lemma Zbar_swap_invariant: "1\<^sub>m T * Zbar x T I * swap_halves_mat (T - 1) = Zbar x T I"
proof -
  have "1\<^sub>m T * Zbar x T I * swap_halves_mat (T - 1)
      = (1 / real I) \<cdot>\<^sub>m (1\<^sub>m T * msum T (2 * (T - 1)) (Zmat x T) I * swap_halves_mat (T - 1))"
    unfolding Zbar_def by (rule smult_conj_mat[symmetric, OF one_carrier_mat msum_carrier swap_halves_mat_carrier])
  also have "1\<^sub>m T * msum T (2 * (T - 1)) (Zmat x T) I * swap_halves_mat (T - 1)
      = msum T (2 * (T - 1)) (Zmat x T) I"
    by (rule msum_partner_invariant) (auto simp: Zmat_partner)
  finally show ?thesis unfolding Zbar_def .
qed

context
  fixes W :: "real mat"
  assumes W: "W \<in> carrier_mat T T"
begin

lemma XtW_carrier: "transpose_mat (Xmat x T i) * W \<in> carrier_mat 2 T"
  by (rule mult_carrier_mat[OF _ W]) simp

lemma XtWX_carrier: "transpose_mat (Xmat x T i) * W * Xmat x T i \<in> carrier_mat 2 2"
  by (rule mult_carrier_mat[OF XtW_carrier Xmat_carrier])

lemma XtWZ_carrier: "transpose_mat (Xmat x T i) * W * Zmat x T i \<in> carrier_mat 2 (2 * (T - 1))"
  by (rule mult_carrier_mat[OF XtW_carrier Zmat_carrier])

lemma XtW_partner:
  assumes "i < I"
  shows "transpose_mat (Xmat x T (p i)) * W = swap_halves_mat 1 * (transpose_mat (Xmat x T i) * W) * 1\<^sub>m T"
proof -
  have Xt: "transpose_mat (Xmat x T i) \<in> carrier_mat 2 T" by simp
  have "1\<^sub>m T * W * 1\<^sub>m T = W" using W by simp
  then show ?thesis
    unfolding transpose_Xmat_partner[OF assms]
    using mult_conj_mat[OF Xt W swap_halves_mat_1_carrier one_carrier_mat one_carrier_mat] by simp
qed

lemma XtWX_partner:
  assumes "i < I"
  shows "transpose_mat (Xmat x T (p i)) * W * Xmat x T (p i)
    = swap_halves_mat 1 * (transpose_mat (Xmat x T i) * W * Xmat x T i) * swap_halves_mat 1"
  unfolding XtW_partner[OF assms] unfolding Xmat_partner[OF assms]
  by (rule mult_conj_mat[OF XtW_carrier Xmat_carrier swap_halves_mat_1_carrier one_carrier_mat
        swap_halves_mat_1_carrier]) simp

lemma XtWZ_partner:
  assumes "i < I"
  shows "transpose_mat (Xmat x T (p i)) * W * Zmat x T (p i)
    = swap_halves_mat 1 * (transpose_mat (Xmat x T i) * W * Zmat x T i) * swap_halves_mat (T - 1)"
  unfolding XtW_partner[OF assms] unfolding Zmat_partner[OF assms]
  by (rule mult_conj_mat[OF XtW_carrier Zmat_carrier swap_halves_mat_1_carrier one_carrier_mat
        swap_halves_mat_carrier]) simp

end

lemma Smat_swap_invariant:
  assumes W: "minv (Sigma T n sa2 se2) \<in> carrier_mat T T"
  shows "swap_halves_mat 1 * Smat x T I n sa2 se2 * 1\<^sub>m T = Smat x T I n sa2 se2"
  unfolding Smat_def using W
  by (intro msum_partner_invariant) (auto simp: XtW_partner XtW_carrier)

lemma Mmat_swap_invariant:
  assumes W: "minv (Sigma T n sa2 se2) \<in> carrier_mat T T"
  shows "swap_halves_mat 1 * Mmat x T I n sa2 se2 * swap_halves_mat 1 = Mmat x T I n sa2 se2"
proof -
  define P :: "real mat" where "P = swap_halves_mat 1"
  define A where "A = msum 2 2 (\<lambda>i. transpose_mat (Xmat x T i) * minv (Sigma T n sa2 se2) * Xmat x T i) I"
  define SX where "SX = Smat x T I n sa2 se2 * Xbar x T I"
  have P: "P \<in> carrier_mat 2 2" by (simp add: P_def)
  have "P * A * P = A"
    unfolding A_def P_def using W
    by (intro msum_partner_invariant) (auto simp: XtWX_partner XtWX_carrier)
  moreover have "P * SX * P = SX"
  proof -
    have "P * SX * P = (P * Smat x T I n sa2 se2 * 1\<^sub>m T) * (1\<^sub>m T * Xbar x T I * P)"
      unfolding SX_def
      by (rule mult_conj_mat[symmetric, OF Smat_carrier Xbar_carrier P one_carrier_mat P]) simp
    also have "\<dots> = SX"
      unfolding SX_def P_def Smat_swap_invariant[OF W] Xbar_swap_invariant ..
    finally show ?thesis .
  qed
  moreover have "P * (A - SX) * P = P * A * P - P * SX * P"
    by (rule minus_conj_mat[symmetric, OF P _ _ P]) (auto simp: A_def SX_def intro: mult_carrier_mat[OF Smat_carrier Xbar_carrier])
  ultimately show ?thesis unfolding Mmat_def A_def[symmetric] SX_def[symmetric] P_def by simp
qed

=== Directions for this task ===
All that is wanted is an exact copy of the lines from the line holding "Zmat x T i)" through the end of the material above, including both.

=== Result of the task ===
    = swap_halves_mat 1 * (transpose_mat (Xmat x T i) * W * Zmat x T i) * swap_halves_mat (T - 1)"
  unfolding XtW_partner[OF assms] unfolding Zmat_partner[OF assms]
  by (rule mult_conj_mat[OF XtW_carrier Zmat_carrier swap_halves_mat_1_carrier one_carrier_mat
        swap_halves_mat_carrier]) simp

end

lemma Smat_swap_invariant:
  assumes W: "minv (Sigma T n sa2 se2) \<in> carrier_mat T T"
  shows "swap_halves_mat 1 * Smat x T I n sa2 se2 * 1\<^sub>m T = Smat x T I n sa2 se2"
  unfolding Smat_def using W
  by (intro msum_partner_invariant) (auto simp: XtW_partner XtW_carrier)

lemma Mmat_swap_invariant:
  assumes W: "minv (Sigma T n sa2 se2) \<in> carrier_mat T T"
  shows "swap_halves_mat 1 * Mmat x T I n sa2 se2 * swap_halves_mat 1 = Mmat x T I n sa2 se2"
proof -
  define P :: "real mat" where "P = swap_halves_mat 1"
  define A where "A = msum 2 2 (\<lambda>i. transpose_mat (Xmat x T i) * minv (Sigma T n sa2 se2) * Xmat x T i) I"
  define SX where "SX = Smat x T I n sa2 se2 * Xbar x T I"
  have P: "P \<in> carrier_mat 2 2" by (simp add: P_def)
  have "P * A * P = A"
    unfolding A_def P_def using W
    by (intro msum_partner_invariant) (auto simp: XtWX_partner XtWX_carrier)
  moreover have "P * SX * P = SX"
  proof -
    have "P * SX * P = (P * Smat x T I n sa2 se2 * 1\<^sub>m T) * (1\<^sub>m T * Xbar x T I * P)"
      unfolding SX_def
      by (rule mult_conj_mat[symmetric, OF Smat_carrier Xbar_carrier P one_carrier_mat P]) simp
    also have "\<dots> = SX"
      unfolding SX_def P_def Smat_swap_invariant[OF W] Xbar_swap_invariant ..
    finally show ?thesis .
  qed
  moreover have "P * (A - SX) * P = P * A * P - P * SX * P"
    by (rule minus_conj_mat[symmetric, OF P _ _ P]) (auto simp: A_def SX_def intro: mult_carrier_mat[OF Smat_carrier Xbar_carrier])
  ultimately show ?thesis unfolding Mmat_def A_def[symmetric] SX_def[symmetric] P_def by simp
qed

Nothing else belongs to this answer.